I have another reason for calling this blog Gallican Anglican. In the remainder of the service following my ordination to the priesthood (a truly life-threatening experience, but more about that later) I found myself thinking two completely unrelated thoughts (along with a great many others, since ordination is not something that you can simply take in your stride). The first was the happy realisation that I would never have to read another book without coloured pictures in it ever again - i.e. no more exams. The second was the regret that I had not taken Francis as an ordination name in honour of St Francis de Sales.

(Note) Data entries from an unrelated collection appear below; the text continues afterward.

(* The time evolution commutes with unbasketing: for every state $S=(S_i)_{i\in\mathbb Z}$ of the box-basket-ball system, choosing an index $i_0$ such that $S_i=V$ and $(T_\infty S)_i=V$ for all $i\le i_0$ and anchoring both unbasketings so that site $i_0$ is sent to cell $0$, one has $\mathrm{Unb}(T_\infty(S))=T_{BBS}(\mathrm{Unb}(S))$.
   Context: Box-basket-ball system (BBBS). A site state is a triple $(a,b,c)$ of nonnegative integers with $a=b-c+1$ (one box, $b$ baskets, $c$ balls; each box/basket holds at most one ball, balls placed in the box first). $V=(1,0,0)$. A state is a sequence $(S_i)_{i\in\mathbb Z}$ of site states with $S_i=V$ for all but finitely many $i$. The time evolution $T_\infty$: first every empty basket (there are $\min(a_i,b_i)$ at site $i$) is moved from site $i$ to site $i+1$, full baskets staying; then the balls are taken one at a time from left to right, and each is moved to the nearest currently unoccupied box or basket at a site strictly to its right (each ball moves exactly once). Box-ball system (BBS): a state is a $\{0,1\}$-valued sequence indexed by $\mathbb Z$ (cells; $1$ = ball) with finitely many $1$'s; its time evolution $T_{BBS}$ takes the balls one at a time from left to right and moves each to the nearest currently empty cell to its right. Unbasketing $\mathrm{Unb}$: each site $(a,b,c)$ is replaced by $b+1$ consecutive cells of the box-ball system, the first $c$ of which contain a ball; doing this for all sites in order gives a box-ball state (determined once one fixes which cell a given site starts at). *)

theory Defs
  imports Main
begin

text \<open>A site state (a,b,c): a = number of unoccupied containers, b baskets, c balls.\<close>
type_synonym site = "nat \<times> nat \<times> nat"
type_synonym bbbs_state = "int \<Rightarrow> site"

definition s_a :: "site \<Rightarrow> nat" where "s_a s = fst s"
definition s_b :: "site \<Rightarrow> nat" where "s_b s = fst (snd s)"
definition s_c :: "site \<Rightarrow> nat" where "s_c s = snd (snd s)"

definition valid_site :: "site \<Rightarrow> bool" where
  "valid_site s \<longleftrightarrow> int (s_a s) = int (s_b s) - int (s_c s) + 1"

definition Vsite :: site where "Vsite = (1, 0, 0)"

definition is_bbbs_state :: "bbbs_state \<Rightarrow> bool" where
  "is_bbbs_state S \<longleftrightarrow> (\<forall>i. valid_site (S i)) \<and> finite {i. S i \<noteq> Vsite}"

definition empty_baskets :: "site \<Rightarrow> nat" where
  "empty_baskets s = min (s_a s) (s_b s)"

text \<open>After moving empty baskets one site to the right: number of baskets at site i.\<close>
definition baskets_after :: "bbbs_state \<Rightarrow> int \<Rightarrow> nat" where
  "baskets_after S i = s_b (S i) - empty_baskets (S i) + empty_baskets (S (i - 1))"

text \<open>Capacity (box plus baskets) of site i after the basket move.\<close>
definition cap_after :: "bbbs_state \<Rightarrow> int \<Rightarrow> nat" where
  "cap_after S i = 1 + baskets_after S i"

text \<open>Move one ball from site p to the nearest site strictly to its right having an
  unoccupied box or basket; occ gives the current number of occupied containers.\<close>
definition bbbs_move :: "(int \<Rightarrow> nat) \<Rightarrow> (int \<Rightarrow> nat) \<Rightarrow> int \<Rightarrow> (int \<Rightarrow> nat)" where
  "bbbs_move cap occ p =
     (let t = (LEAST t. p < t \<and> occ t < cap t) in occ(p := occ p - 1, t := occ t + 1))"

definition ball_list :: "bbbs_state \<Rightarrow> int list" where
  "ball_list S = concat (map (\<lambda>k. replicate (s_c (S k)) k)
                          (sorted_list_of_set {k. 0 < s_c (S k)}))"

definition T_inf :: "bbbs_state \<Rightarrow> bbbs_state" where
  "T_inf S =
    (let cap = cap_after S;
         occ = fold (\<lambda>p occ. bbbs_move cap occ p) (ball_list S) (\<lambda>i. s_c (S i))
     in (\<lambda>i. (cap i - occ i, cap i - 1, occ i)))"

type_synonym bbs_state = "int \<Rightarrow> bool"

definition bbs_move :: "int set \<Rightarrow> int \<Rightarrow> int set" where
  "bbs_move Occ p = (let t = (LEAST t. p < t \<and> t \<notin> Occ) in insert t (Occ - {p}))"

definition T_BBS :: "bbs_state \<Rightarrow> bbs_state" where
  "T_BBS f = (\<lambda>n. n \<in> fold (\<lambda>p Occ. bbs_move Occ p) (sorted_list_of_set {n. f n}) {n. f n})"

text \<open>First cell of site i when site i0 is sent to cell 0; site j occupies b_j + 1 cells.\<close>
definition site_start :: "bbbs_state \<Rightarrow> int \<Rightarrow> int \<Rightarrow> int" where
  "site_start S i0 i =
     (if i0 \<le> i then (\<Sum>j\<in>{i0..<i}. int (s_b (S j)) + 1)
      else - (\<Sum>j\<in>{i..<i0}. int (s_b (S j)) + 1))"

definition Unb :: "bbbs_state \<Rightarrow> int \<Rightarrow> bbs_state" where
  "Unb S i0 = (\<lambda>n. \<exists>i. site_start S i0 i \<le> n \<and> n < site_start S i0 i + int (s_c (S i)))"

end

theory Submission
  imports Defs
begin

text \<open>
  Both time evolutions move every ball exactly once, left to right, to the nearest free
  container strictly to its right.  We first analyse this process abstractly, for an arbitrary
  capacity function cap and initial ball counts c: processing the balls site by site, the final
  number of balls at site i is  min (carry i) (cap i - c i),  where the carry is the number of
  balls in transit past site i, satisfying
     carry (i+1) = (carry i - (cap i - c i)) + c i.
  The box-ball system is the special case of unit capacities (cells), so both sides of the
  theorem are described by a carry.  It then remains to compare the two carries: the cells of
  site i of the new state T_inf S consist of the cells vacated by the empty baskets arriving
  from site i-1, possibly one empty box cell, and then the cells of the old balls of site i.
  Tracking the cell carry across these runs of empty and full cells shows, by induction on i,
  that it agrees with the site carry at the left end of every site, and that the occupied cells
  of the new site are exactly its first new-ball-count cells.
\<close>

lemma int_Least_bounded:
  fixes P :: "int \<Rightarrow> bool"
  assumes "P t0" and bounded: "\<And>t. P t \<Longrightarrow> p \<le> t"
  shows "P (LEAST t. P t)" and "\<And>t. P t \<Longrightarrow> (LEAST t. P t) \<le> t"
proof -
  define m where "m = (LEAST m::nat. P (p + int m))"
  have "P (p + int (nat (t0 - p)))" using assms by simp
  then have Pm: "P (p + int m)" unfolding m_def by (rule LeastI)
  have minimal: "p + int m \<le> t" if "P t" for t
  proof -
    have "P (p + int (nat (t - p)))" using that bounded[OF that] by simp
    then have "m \<le> nat (t - p)" unfolding m_def by (rule Least_le)
    then show ?thesis using bounded[OF that] by linarith
  qed
  have "(LEAST t. P t) = p + int m" by (rule Least_equality) (use Pm minimal in auto)
  then show "P (LEAST t. P t)" "\<And>t. P t \<Longrightarrow> (LEAST t. P t) \<le> t" using Pm minimal by auto
qed

lemma int_ivl_snoc: "s \<le> i \<Longrightarrow> {s..<i+1} = insert i {s..<(i::int)}" by auto
lemma int_ivl_cons: "s < i \<Longrightarrow> {s..<i} = insert s {s+1..<(i::int)}" by auto

lemma int_mono_by_steps:
  fixes f :: "int \<Rightarrow> int"
  assumes step: "\<And>i. f i \<le> f (i+1)" and "i \<le> j"
  shows "f i \<le> f j"
  using \<open>i \<le> j\<close>
proof (induction j rule: int_ge_induct)
  case base then show ?case by simp
next
  case (step j) then show ?case using assms(1) order_trans by blast
qed

section \<open>Greedy filling of free slots\<close>

text \<open>Number of balls ending up at slot i when n balls are put, leftmost first, into slots
  s, s+1, ... offering room l places each.\<close>
definition greedy_fill :: "(int \<Rightarrow> nat) \<Rightarrow> int \<Rightarrow> nat \<Rightarrow> int \<Rightarrow> nat" where
  "greedy_fill room s n i = (if s \<le> i then min (room i) (n - (\<Sum>l\<in>{s..<i}. room l)) else 0)"

lemma greedy_fill_none: "greedy_fill room s 0 i = 0"
  by (simp add: greedy_fill_def)

lemma greedy_fill_first: "greedy_fill room s n s = min (room s) n"
  by (simp add: greedy_fill_def)

lemma greedy_fill_le: "greedy_fill room s n i \<le> room i"
  by (simp add: greedy_fill_def)

lemma greedy_fill_skip:
  assumes "j < i"
  shows "greedy_fill room j n i = greedy_fill room (j+1) (n - room j) i"
proof -
  have "(\<Sum>l\<in>{j..<i}. room l) = room j + (\<Sum>l\<in>{j+1..<i}. room l)"
    using assms by (simp add: int_ivl_cons)
  then show ?thesis using assms unfolding greedy_fill_def by (simp add: diff_diff_left)
qed

lemma greedy_fill_full_prefix:
  assumes "s \<le> t" and full: "\<And>i. s \<le> i \<Longrightarrow> i < t \<Longrightarrow> greedy_fill room s n i = room i"
  shows "(\<Sum>l\<in>{s..<t}. room l) \<le> n"
  using assms
proof (induction t rule: int_ge_induct)
  case base then show ?case by simp
next
  case (step i)
  have IH: "(\<Sum>l\<in>{s..<i}. room l) \<le> n" by (rule step.IH) (use step.prems in auto)
  have "greedy_fill room s n i = room i" using step.hyps step.prems by auto
  then have "room i \<le> n - (\<Sum>l\<in>{s..<i}. room l)" using step.hyps by (simp add: greedy_fill_def)
  then show ?case using IH step.hyps by (simp add: int_ivl_snoc)
qed

lemma greedy_fill_has_room:
  assumes "\<And>i. hi \<le> i \<Longrightarrow> 1 \<le> room i"
  shows "\<exists>t. s \<le> t \<and> greedy_fill room s n t < room t"
proof -
  define m where "m = max s hi"
  define t where "t = m + int n + 1"
  have "n + 1 = (\<Sum>l\<in>{m..<t}. (1::nat))" by (simp add: t_def)
  also have "\<dots> \<le> (\<Sum>l\<in>{m..<t}. room l)"
    by (rule sum_mono) (use assms in \<open>auto simp: m_def\<close>)
  also have "\<dots> \<le> (\<Sum>l\<in>{s..<t}. room l)"
    by (rule sum_mono2) (auto simp: m_def)
  finally have "n < (\<Sum>l\<in>{s..<t}. room l)" by simp
  moreover have "1 \<le> room t" "s \<le> t" using assms by (auto simp: t_def m_def)
  ultimately show ?thesis unfolding greedy_fill_def by (intro exI[of _ t]) auto
qed

lemma greedy_fill_Suc:
  fixes room :: "int \<Rightarrow> nat" and s hi :: int and n :: nat
  assumes room: "\<And>i. hi \<le> i \<Longrightarrow> 1 \<le> room i"
  defines "t \<equiv> LEAST t. s \<le> t \<and> greedy_fill room s n t < room t"
  shows "s \<le> t" and "greedy_fill room s n t < room t"
    and "greedy_fill room s (Suc n) = (greedy_fill room s n)(t := greedy_fill room s n t + 1)"
proof -
  obtain t0 where "s \<le> t0 \<and> greedy_fill room s n t0 < room t0"
    using greedy_fill_has_room[where hi = hi and room = room, OF room] by blast
  from int_Least_bounded[where P = "\<lambda>t. s \<le> t \<and> greedy_fill room s n t < room t" and p = s,
      OF this]
  have t: "s \<le> t" "greedy_fill room s n t < room t"
    and least: "\<And>i. s \<le> i \<Longrightarrow> greedy_fill room s n i < room i \<Longrightarrow> t \<le> i"
    unfolding t_def by auto
  show "s \<le> t" "greedy_fill room s n t < room t" using t by auto
  have full: "greedy_fill room s n i = room i" if "s \<le> i" "i < t" for i
    using least[OF that(1)] that(2) greedy_fill_le[of room s n i] by fastforce
  have used: "(\<Sum>l\<in>{s..<t}. room l) \<le> n"
    using greedy_fill_full_prefix[OF t(1) full] by blast
  have rest: "n - (\<Sum>l\<in>{s..<t}. room l) < room t"
    using t by (simp add: greedy_fill_def min_def split: if_splits)
  show "greedy_fill room s (Suc n) = (greedy_fill room s n)(t := greedy_fill room s n t + 1)"
  proof
    fix i
    consider "i < s" | "s \<le> i" "i < t" | "i = t" | "t < i" by linarith
    then show "greedy_fill room s (Suc n) i = ((greedy_fill room s n)(t := greedy_fill room s n t + 1)) i"
    proof cases
      case 1 then show ?thesis using t by (auto simp: greedy_fill_def)
    next
      case 2
      from full[OF 2] have "room i \<le> n - (\<Sum>l\<in>{s..<i}. room l)"
        using 2 by (simp add: greedy_fill_def min_def split: if_splits)
      then show ?thesis using 2 by (auto simp: greedy_fill_def)
    next
      case 3 then show ?thesis using t used rest by (auto simp: greedy_fill_def)
    next
      case 4
      have "room t + (\<Sum>l\<in>{s..<t}. room l) = (\<Sum>l\<in>{s..<t+1}. room l)"
        using t by (simp add: int_ivl_snoc)
      also have "\<dots> \<le> (\<Sum>l\<in>{s..<i}. room l)" by (rule sum_mono2) (use 4 in auto)
      finally have "Suc n \<le> (\<Sum>l\<in>{s..<i}. room l)" using used rest by linarith
      then show ?thesis using 4 t by (auto simp: greedy_fill_def)
    qed
  qed
qed
(* Let $0\le r\le n$. For each $0\le j\le r$, the operator $K_{rj}$ has order $r$, degree $-j$ and deficiency $r$ relative to $\mathcal P_n$. Conversely, if $L$ is a linear differential operator with polynomial coefficients of order $r$ and deficiency $r$ relative to $\mathcal P_n$ which has a degree $d$, then $d=-j$ for some $0\le j\le r$ and $L=a\,K_{rj}$ for some nonzero real constant $a$.
   Context: $D=d/dx$. For $s\ge0$, $\mathcal P_s$ is the space of real polynomials in $x$ of degree at most $s$, and $\mathcal P_s=\{0\}$ for $s<0$. A linear differential operator with polynomial coefficients is $L=\sum_{i=0}^r a_i(x)D^i$ with $a_i\in\mathbb R[x]$; its order is the largest $i$ with $a_i\ne0$. $L$ has degree $d\in\mathbb Z$ if there are real numbers $c_j$, not all zero, with $L[x^j]=c_jx^{j+d}$ for all $j\in\mathbb N$. $L$ has deficiency $m$ relative to $\mathcal P_n$ if $L(\mathcal P_n)\subset\mathcal P_{n-m}$ but $L(\mathcal P_n)\not\subset\mathcal P_{n-m-1}$. Pochhammer operator: $(a-xD)_k=(-1)^k(xD-a)(xD-(a-1))\cdots(xD-(a-k+1))$. For $0\le j\le r\le n$, $K_{rj}=\frac{1}{(r-j)!}(n-j-xD)_{r-j}D^j$. *)

theory Defs
  imports "HOL-Computational_Algebra.Polynomial"
begin
(* Let $\sigma=\mathrm{ReLU}$, i.e. $\sigma(x)=\max(0,x)$, and consider the covariance sequence $\{\Sigma^{(L)}\}_{L\ge1}$ and the metrics $\mathrm{FSP}_L(\sigma_w^2)$, $\mathrm{GEV}_L(\sigma_w^2)$ defined in the context. Then: 1. If $\sigma_w^2=2$, then either $\lim_{L\to\infty}\mathrm{GEV}_L(\sigma_w^2)=0$ or $\lim_{L\to\infty}\mathrm{FSP}_L(\sigma_w^2)=0$. 2. If $0<\sigma_w^2<2$, then for every $L\ge1$, $\mathrm{FSP}_L(\sigma_w^2)\le \frac{2C}{d_0}\left(\frac{\sigma_w^2}{2}\right)^L$.
   Context: Let $\mathcal G=(\mathcal V,\mathcal E)$ be a finite undirected graph with $n$ nodes, adjacency matrix $A\in\{0,1\}^{n\times n}$, degree matrix $D=\mathrm{diag}(A\mathbf 1_n)$ with degrees $d_i$, $\tilde A=A+I$, $\tilde D=D+I$, normalized adjacency $\hat A=\tilde D^{-1/2}\tilde A\tilde D^{-1/2}$ and normalized Laplacian $\hat L=I-\hat A$. For $H\in\mathbb R^{n\times C}$ with rows $h_i$, the Dirichlet energy is $\mathrm{Dir}(H)=\mathrm{tr}(H^\top\hat LH)=\sum_{\{i,j\}\in\mathcal E}\|h_i/\sqrt{1+d_i}-h_j/\sqrt{1+d_j}\|^2$. Let $X\in\mathbb R^{n\times d_0}$ be a nonzero feature matrix, $C\ge1$ an integer (number of output channels), $\sigma:\mathbb R\to\mathbb R$ an activation function applied entrywise, and $\sigma_w^2>0$. For a positive semidefinite $\Sigma\in\mathbb R^{n\times n}$ set $G(\Sigma)=\mathbb E_{h\sim N(\mathbf 0_n,\Sigma)}[\sigma(h)\sigma(h)^\top]$. Define $\Sigma^{(1)}=\frac{\sigma_w^2}{d_0}\hat AXX^\top\hat A$ and $\Sigma^{(l+1)}=\sigma_w^2\hat AG(\Sigma^{(l)})\hat A$ for $l\ge1$ (the infinite-width NNGP covariances of a vanilla GCN $H^{(l)}=\hat A\sigma(H^{(l-1)})W^{(l)}$ with i.i.d. weights of variance $\sigma_w^2/\text{fan-in}$ and zero biases). With $H\in\mathbb R^{n\times C}$ having i.i.d. columns distributed as $N(\mathbf 0_n,\Sigma^{(L)})$, define the forward signal propagation metric $\mathrm{FSP}_L(\sigma_w^2)=\mathbb E[\|H\|_F^2/\|X\|_F^2]$ and the graph embedding variation metric $\mathrm{GEV}_L(\sigma_w^2)=\mathbb E[\mathrm{Dir}(H)/\|H\|_F^2]$. *)

theory Defs
  imports "HOL-Probability.Probability"
begin
lemma integral_T2:
  "(\<integral>s. T2 m n nk \<tau> X (WK s) (WQ s) (W s) \<alpha> \<beta> \<partial>M) =
    sqrt (real n) * (\<Sum>\<nu><m. \<Sum>\<kappa><m. Vmat n X \<nu> \<kappa> *
      (\<integral>s. Amat m n nk \<tau> X (WK s) (WQ s) \<alpha> \<nu> * Amat m n nk \<tau> X (WK s) (WQ s) \<beta> \<kappa> \<partial>M))"
proof -
  let ?EA = "\<lambda>\<nu> \<kappa>.
    \<integral>s. Amat m n nk \<tau> X (WK s) (WQ s) \<alpha> \<nu> * Amat m n nk \<tau> X (WK s) (WQ s) \<beta> \<kappa> \<partial>M"
  have "has_bochner_integral M (\<lambda>s. T2 m n nk \<tau> X (WK s) (WQ s) (W s) \<alpha> \<beta>)
      (1 / (real n * sqrt (real n)) *
        (\<Sum>\<nu><m. \<Sum>\<kappa><m. ?EA \<nu> \<kappa> * (real n * (\<Sum>i<n. X \<nu> i * X \<kappa> i))))"
    unfolding T2_eq_sum_gram_XW
    by (intro has_bochner_integral_mult_right has_bochner_integral_sum
        has_bochner_integral_Amat_mult_gram_XW) auto
  also have "1 / (real n * sqrt (real n)) *
        (\<Sum>\<nu><m. \<Sum>\<kappa><m. ?EA \<nu> \<kappa> * (real n * (\<Sum>i<n. X \<nu> i * X \<kappa> i))) =
      sqrt (real n) * (\<Sum>\<nu><m. \<Sum>\<kappa><m. Vmat n X \<nu> \<kappa> * ?EA \<nu> \<kappa>)"
  proof -
    have "1 / (real n * sqrt (real n)) * (e * (real n * (real n * v))) = sqrt (real n) * (v * e)"
      for e v
      by (cases "n = 0") (simp_all add: field_simps real_div_sqrt)
    then show ?thesis
      unfolding sum_distrib_left sum_mult_rows_eq_Vmat by simp
  qed
  finally show ?thesis
    by (simp add: has_bochner_integral_iff)
qed

lemma integral_T2_mult:
  "(\<integral>s. T2 m n nk \<tau> X (WK s) (WQ s) (W s) \<alpha> \<beta> * T2 m n nk \<tau> X (WK s) (WQ s) (W s) \<delta> \<omega> \<partial>M) =
    (\<Sum>\<nu><m. \<Sum>\<kappa><m. \<Sum>\<nu>'<m. \<Sum>\<kappa>'<m.
      (\<integral>s. Amat m n nk \<tau> X (WK s) (WQ s) \<alpha> \<nu> * Amat m n nk \<tau> X (WK s) (WQ s) \<beta> \<kappa>
        * Amat m n nk \<tau> X (WK s) (WQ s) \<delta> \<nu>' * Amat m n nk \<tau> X (WK s) (WQ s) \<omega> \<kappa>' \<partial>M)
      * (real n * Vmat n X \<nu> \<kappa> * Vmat n X \<nu>' \<kappa>'
        + Vmat n X \<nu> \<nu>' * Vmat n X \<kappa> \<kappa>' + Vmat n X \<nu> \<kappa>' * Vmat n X \<nu>' \<kappa>))"
proof -
  let ?EA = "\<lambda>\<nu> \<kappa> \<nu>' \<kappa>'.
    \<integral>s. Amat m n nk \<tau> X (WK s) (WQ s) \<alpha> \<nu> * Amat m n nk \<tau> X (WK s) (WQ s) \<beta> \<kappa>
        * Amat m n nk \<tau> X (WK s) (WQ s) \<delta> \<nu>' * Amat m n nk \<tau> X (WK s) (WQ s) \<omega> \<kappa>' \<partial>M"
  let ?S = "\<lambda>a b. \<Sum>i<n. X a i * X b i"
  have "has_bochner_integral M
      (\<lambda>s. T2 m n nk \<tau> X (WK s) (WQ s) (W s) \<alpha> \<beta> * T2 m n nk \<tau> X (WK s) (WQ s) (W s) \<delta> \<omega>)
      ((1 / (real n * sqrt (real n)))\<^sup>2 * (\<Sum>\<nu><m. \<Sum>\<kappa><m. \<Sum>\<nu>'<m. \<Sum>\<kappa>'<m. ?EA \<nu> \<kappa> \<nu>' \<kappa>' *
        (real n ^ 2 * ?S \<nu> \<kappa> * ?S \<nu>' \<kappa>' + real n * ?S \<nu> \<nu>' * ?S \<kappa> \<kappa>'
          + real n * ?S \<nu> \<kappa>' * ?S \<nu>' \<kappa>)))"
    unfolding T2_mult_T2_eq_sum_gram_XW
    by (intro has_bochner_integral_mult_right has_bochner_integral_sum
        has_bochner_integral_Amat_mult4_gram_XW_mult) auto
  also have "(1 / (real n * sqrt (real n)))\<^sup>2 * (\<Sum>\<nu><m. \<Sum>\<kappa><m. \<Sum>\<nu>'<m. \<Sum>\<kappa>'<m. ?EA \<nu> \<kappa> \<nu>' \<kappa>' *
        (real n ^ 2 * ?S \<nu> \<kappa> * ?S \<nu>' \<kappa>' + real n * ?S \<nu> \<nu>' * ?S \<kappa> \<kappa>'
          + real n * ?S \<nu> \<kappa>' * ?S \<nu>' \<kappa>)) =
      (\<Sum>\<nu><m. \<Sum>\<kappa><m. \<Sum>\<nu>'<m. \<Sum>\<kappa>'<m. ?EA \<nu> \<kappa> \<nu>' \<kappa>' *
        (real n * Vmat n X \<nu> \<kappa> * Vmat n X \<nu>' \<kappa>'
          + Vmat n X \<nu> \<nu>' * Vmat n X \<kappa> \<kappa>' + Vmat n X \<nu> \<kappa>' * Vmat n X \<nu>' \<kappa>))"
  proof (cases "n = 0")
    case True
    then show ?thesis
      by (simp add: Vmat_def)
  next
    case False
    then have scale: "(1 / (real n * sqrt (real n)))\<^sup>2 * (e * (real n ^ 2 * (real n * v1) * (real n * v2)
          + real n * (real n * v3) * (real n * v4) + real n * (real n * v5) * (real n * v6))) =
        e * (real n * v1 * v2 + v3 * v4 + v5 * v6)" for e v1 v2 v3 v4 v5 v6
      by (simp add: field_simps power2_eq_square)
    show ?thesis
      unfolding sum_distrib_left sum_mult_rows_eq_Vmat scale ..
  qed
  finally show ?thesis
    by (simp add: has_bochner_integral_iff)
qed

end

theorem lemmaC7:
  fixes M :: "'s measure"
    and X :: "nat \<Rightarrow> nat \<Rightarrow> real"
    and WK WQ W :: "'s \<Rightarrow> nat \<Rightarrow> nat \<Rightarrow> real"
    and m n nk :: nat and \<tau> :: real
    and \<alpha> \<beta> \<delta> \<omega> :: nat
  assumes "prob_space M"
    and "m > 0" and "n > 0" and "\<tau> > 0"
    and "prob_space.indep_vars M (\<lambda>_. borel) (gauss_entry WK WQ W) (gauss_index n nk)"
    and "\<And>e. e \<in> gauss_index n nk \<Longrightarrow>
           distributed M lborel (gauss_entry WK WQ W e) (\<lambda>x. ennreal (std_normal_density x))"
    and "\<alpha> < m" and "\<beta> < m" and "\<delta> < m" and "\<omega> < m"
  shows "((\<integral>s. T2 m n nk \<tau> X (WK s) (WQ s) (W s) \<alpha> \<beta> \<partial>M)
           = sqrt (real n) * (\<Sum>\<nu><m. \<Sum>\<kappa><m. Vmat n X \<nu> \<kappa> *
               (\<integral>s. Amat m n nk \<tau> X (WK s) (WQ s) \<alpha> \<nu> * Amat m n nk \<tau> X (WK s) (WQ s) \<beta> \<kappa> \<partial>M)))
         \<and> ((\<integral>s. T2 m n nk \<tau> X (WK s) (WQ s) (W s) \<alpha> \<beta> * T2 m n nk \<tau> X (WK s) (WQ s) (W s) \<delta> \<omega> \<partial>M)
           = (\<Sum>\<nu><m. \<Sum>\<kappa><m. \<Sum>\<nu>'<m. \<Sum>\<kappa>'<m.
               (\<integral>s. Amat m n nk \<tau> X (WK s) (WQ s) \<alpha> \<nu> * Amat m n nk \<tau> X (WK s) (WQ s) \<beta> \<kappa>
                   * Amat m n nk \<tau> X (WK s) (WQ s) \<delta> \<nu>' * Amat m n nk \<tau> X (WK s) (WQ s) \<omega> \<kappa>' \<partial>M)
               * (real n * Vmat n X \<nu> \<kappa> * Vmat n X \<nu>' \<kappa>'
                  + Vmat n X \<nu> \<nu>' * Vmat n X \<kappa> \<kappa>' + Vmat n X \<nu> \<kappa>' * Vmat n X \<nu>' \<kappa>)))"
proof -
  interpret gaussian_attention M WK WQ W n nk
    using assms(1,5,6) by (simp add: gaussian_attention_def gaussian_attention_axioms_def)
  show ?thesis
    using integral_T2 integral_T2_mult by blast
qed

I find some of the canonised saints rather alarming - Pius the Fifth, for example, stoking the inquisitorial fires and encouraging the Spanish Armada. But not Francis de Sales, and this for a number of reasons. Firstly, the example of his extraordinary holiness during what seems to have been a kind of nervous breakdown when he was a young man. For some reason he was convinced of the truth of the Augustinian doctrine of predestination: election to eternal joy for the few, and reprobation to eternal agony for the rest. And he included himself in the rest. But even so he made up his mind to serve the Lord in this life, before he was unable to do so in the fires of hell. That's pretty good, but it gets better. After months of this, in great agony of mind, he found himself in a Parisian Church saying the Memorare (Remember, O most loving Virgin Mary, that it is a thing unheard of that anyone ever had recourse to thy protection, implored thy help or sought thine intercession, and was left forsaken ... ) when he heard the voice of Christ saying to him, "I do not call myself the Damning One, my name is Jesus."
From that moment St Francis was completely restored, and went on to become one of the greatest spiritual teachers and writers of the western Church. He also went on to convert large swathes of Calvinists to a less sadistic deity than the one they had believed in hitherto, and as I noted in my last entry, he had that sane and sensible attitude to the office of the Roman Pontiff which all good Gallicans had, saying to Mother Angelique at Port Royal, "It is the duty of ecumenical councils to reform the head and members: they are above the Pope ... I know this, but prudence forbids my speaking of it, for I can hope for no results if I did speak. We must weep and pray in secret that God will put his hand to what man cannot ..."
As to my life-threatening ordination to the priesthood it took place in St Paul's in London years before the advent of the rather comely nave altar which adorns the cathedral now. However, there was at the time (1976) a temporary altar perched upon what looked like a very large box. There was not a great deal of room on the box, and besides the altar, most of it was occupied by Gerald, Bishop of London, Hewlett, Bishop of Willesden, and a number of others. In the late forties of the last century polio was becoming fashionable again in New Zealand, and I foolishly succumbed. For three or four years thereafter I wore callipers, but even so I have never really been all that steady on my feet, even when sober. Thus kneeling down before a rather large bishop on a very small ledge was somewhat alarming. Would I do an Otto Klemperer and fall backwards off the podium? Would my ordination on the top of a box be the immediate precursor to my funeral inside one? Only quick action by the bishop of Willesden prevented it. But I fear that before long he may well have wondered why he bothered.